— Ты *банулся? — мой взрыв стал моментальным, несмотря на испытываемый ужас. Видимо уровень страха уже настолько зашкалил, что нервной системе стало абсолютно наплевать, что и кому я говорю, и какие последствия за это могут быть.

Исаев на этот выпад совершенно неадекватно улыбнулся, широко и с каким-то хищным оскалом, а в следующую секунду резко дернул меня на себя, прижимая таким образом, что я, утыкаясь лицом в его шею, дернуться особо не могла. Сердце, и так колотившееся в ускоренном ритме от уровня адреналина, сейчас и вовсе *башило в грудную клетку, разгоняя кровь в венах до гула в барабанных перепонках.

— Чшшш… — зарываясь носом в мои волосы. — Тронуть не должны, но х*й их знает, поэтому сиди и не дергайся. Что не стоит звонить и писать Вернеру, не надо надеюсь объяснять?

— Я поняла.

— Вот и молодец! Сейчас отпускаю, ты мне улыбаешься и им тоже улыбаешься, и удерживаешь это позитивно-веселое выражение на лице, пока мы выезжаем отсюда. Это чтобы лишних вопросов у людей не было. Семен, конечно, как ответственная телефонистка доложит Кондратьеву расклад, но мало ли, вдруг его хлопцы совсем тупые.

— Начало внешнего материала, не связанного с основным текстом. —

lemma ordinary_connection_of_form:
  fixes sA :: "'r::{real_algebra_1,comm_ring_1} \<Rightarrow> 'a::real_vector \<Rightarrow> 'a"
  assumes alg: "transitive_Lie_algebroid sA br \<rho>" and form: "is_one_form sA \<rho> \<omega>"
    and on_kernel: "\<forall>l\<in>kernel \<rho>. \<omega> l = - l"
  shows "\<exists>Nb. is_ordinary_connection sA \<rho> Nb \<and> is_connection_form_of \<rho> Nb \<omega>"
proof -
  have \<rho>_add: "\<rho> (X + Y) = (\<lambda>g. \<rho> X g + \<rho> Y g)"
    and \<rho>_scale: "\<rho> (sA f X) = (\<lambda>g. f * \<rho> X g)"
    and \<rho>_onto: "is_derivation D \<Longrightarrow> \<exists>X. \<rho> X = D"
    and sA_add: "sA f (X + Y) = sA f X + sA f Y" for X Y f D
    using alg by (auto simp: transitive_Lie_algebroid_def is_module_action_def)
  have \<omega>_add: "\<omega> (X + Y) = \<omega> X + \<omega> Y" and \<omega>_scale: "\<omega> (sA f X) = sA f (\<omega> X)"
    and \<omega>_kernel: "\<omega> X \<in> kernel \<rho>" for X Y f
    using form by (auto simp: is_one_form_def)
  define Nb where "Nb D = (SOME X. \<rho> X = D) + \<omega> (SOME X. \<rho> X = D)" for D
  have Nb: "Nb (\<rho> X) = X + \<omega> X" for X
    unfolding Nb_def
    by (rule connection_form_anchor_invariant[OF alg form on_kernel]) (rule someI, rule refl)
  have "is_ordinary_connection sA \<rho> Nb"
    unfolding is_ordinary_connection_def
  proof (intro conjI allI impI)
    fix D1 D2 :: "'r \<Rightarrow> 'r" assume "is_derivation D1" "is_derivation D2"
    then obtain X1 X2 where X: "\<rho> X1 = D1" "\<rho> X2 = D2" using \<rho>_onto by blast
    then have "Nb (\<lambda>g. D1 g + D2 g) = Nb (\<rho> (X1 + X2))"
      by (simp only: \<rho>_add)
    also have "\<dots> = (X1 + \<omega> X1) + (X2 + \<omega> X2)"
      by (simp only: Nb \<omega>_add ac_simps)
    finally show "Nb (\<lambda>g. D1 g + D2 g) = Nb D1 + Nb D2"
      by (simp only: X[symmetric] Nb)
  next
    fix f and D :: "'r \<Rightarrow> 'r" assume "is_derivation D"
    then obtain X where X: "\<rho> X = D" using \<rho>_onto by blast
    then have "Nb (\<lambda>g. f * D g) = Nb (\<rho> (sA f X))"
      by (simp only: \<rho>_scale)
    also have "\<dots> = sA f (X + \<omega> X)"
      by (simp only: Nb \<omega>_scale sA_add)
    finally show "Nb (\<lambda>g. f * D g) = sA f (Nb D)"
      by (simp only: X[symmetric] Nb)
  next
    fix D :: "'r \<Rightarrow> 'r" assume "is_derivation D"
    then obtain X where X: "\<rho> X = D" using \<rho>_onto by blast
    have "\<rho> (X + \<omega> X) = \<rho> X"
      using \<omega>_kernel[of X] by (simp add: \<rho>_add kernel_def)
    then show "\<rho> (Nb D) = D"
      by (simp only: X[symmetric] Nb)
  qed
  moreover have "is_connection_form_of \<rho> Nb \<omega>"
    by (simp add: is_connection_form_of_def Nb)
  ultimately show ?thesis by blast
qed

lemma omega_of_gauge:
  assumes "is_Lie_bracket br"
  shows "omega_of \<omega>0 (gauge br \<omega>h \<xi>) = gauge br (omega_of \<omega>0 \<omega>h) \<xi>"
proof
  have br_add: "br (X + Y) Z = br X Z + br Y Z" for X Y Z
    using assms unfolding is_Lie_bracket_def by blast
  show "omega_of \<omega>0 (gauge br \<omega>h \<xi>) X = gauge br (omega_of \<omega>0 \<omega>h) \<xi> X" for X
    unfolding omega_of_eq gauge_def hat_d_def br_add by (simp only: ac_simps)
qed

theorem theorem3p4:
  fixes sA :: "'r::{real_algebra_1,comm_ring_1} \<Rightarrow> 'a::real_vector \<Rightarrow> 'a"
    and br :: "'a \<Rightarrow> 'a \<Rightarrow> 'a"
    and \<rho> :: "'a \<Rightarrow> 'r \<Rightarrow> 'r"
    and \<omega>0 \<omega>h :: "'a \<Rightarrow> 'a"
  assumes "transitive_Lie_algebroid sA br \<rho>"
    and "is_one_form sA \<rho> \<omega>0"
    and "\<forall>l\<in>kernel \<rho>. \<omega>0 l = - l"
    and "is_one_form sA \<rho> \<omega>h"
  shows "is_one_form sA \<rho> (omega_of \<omega>0 \<omega>h) \<and>
         (\<exists>Nb. is_ordinary_connection sA \<rho> Nb \<and> is_connection_form_of \<rho> Nb (omega_of \<omega>0 \<omega>h)) \<and>
         (\<forall>\<xi>\<in>kernel \<rho>. omega_of \<omega>0 (gauge br \<omega>h \<xi>) = gauge br (omega_of \<omega>0 \<omega>h) \<xi>)"
proof (intro conjI ballI)
  show form: "is_one_form sA \<rho> (omega_of \<omega>0 \<omega>h)"
    using assms(1,2,4) by (rule one_form_omega_of)
  have "\<forall>l\<in>kernel \<rho>. omega_of \<omega>0 \<omega>h l = - l"
    using assms(3,4) omega_of_on_kernel by blast
  then show "\<exists>Nb. is_ordinary_connection sA \<rho> Nb \<and> is_connection_form_of \<rho> Nb (omega_of \<omega>0 \<omega>h)"
    by (rule ordinary_connection_of_form[OF assms(1) form])
  fix \<xi> show "omega_of \<omega>0 (gauge br \<omega>h \<xi>) = gauge br (omega_of \<omega>0 \<omega>h) \<xi>"
    using assms(1) unfolding transitive_Lie_algebroid_def by (blast intro: omega_of_gauge)
qed

end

— Это та тачка, что у шестого бокса стоит?

— Да, тот мудак, который якобы колесо меняет уже полчаса.

Глава 19

Уже совсем стемнело, когда машина Исаева притормозила у моего подъезда.

— Владислав Ю…

— Просто Влад, — оборвал меня на полуслове, чиркая зажигалкой и затянувшись сигаретой, выпустил дым в приоткрытое окно, даже не посмотрев в мою сторону.

- Ты можешь сделать, чтобы его не убили? — тихо, робко и совсем не привычно даже для себя.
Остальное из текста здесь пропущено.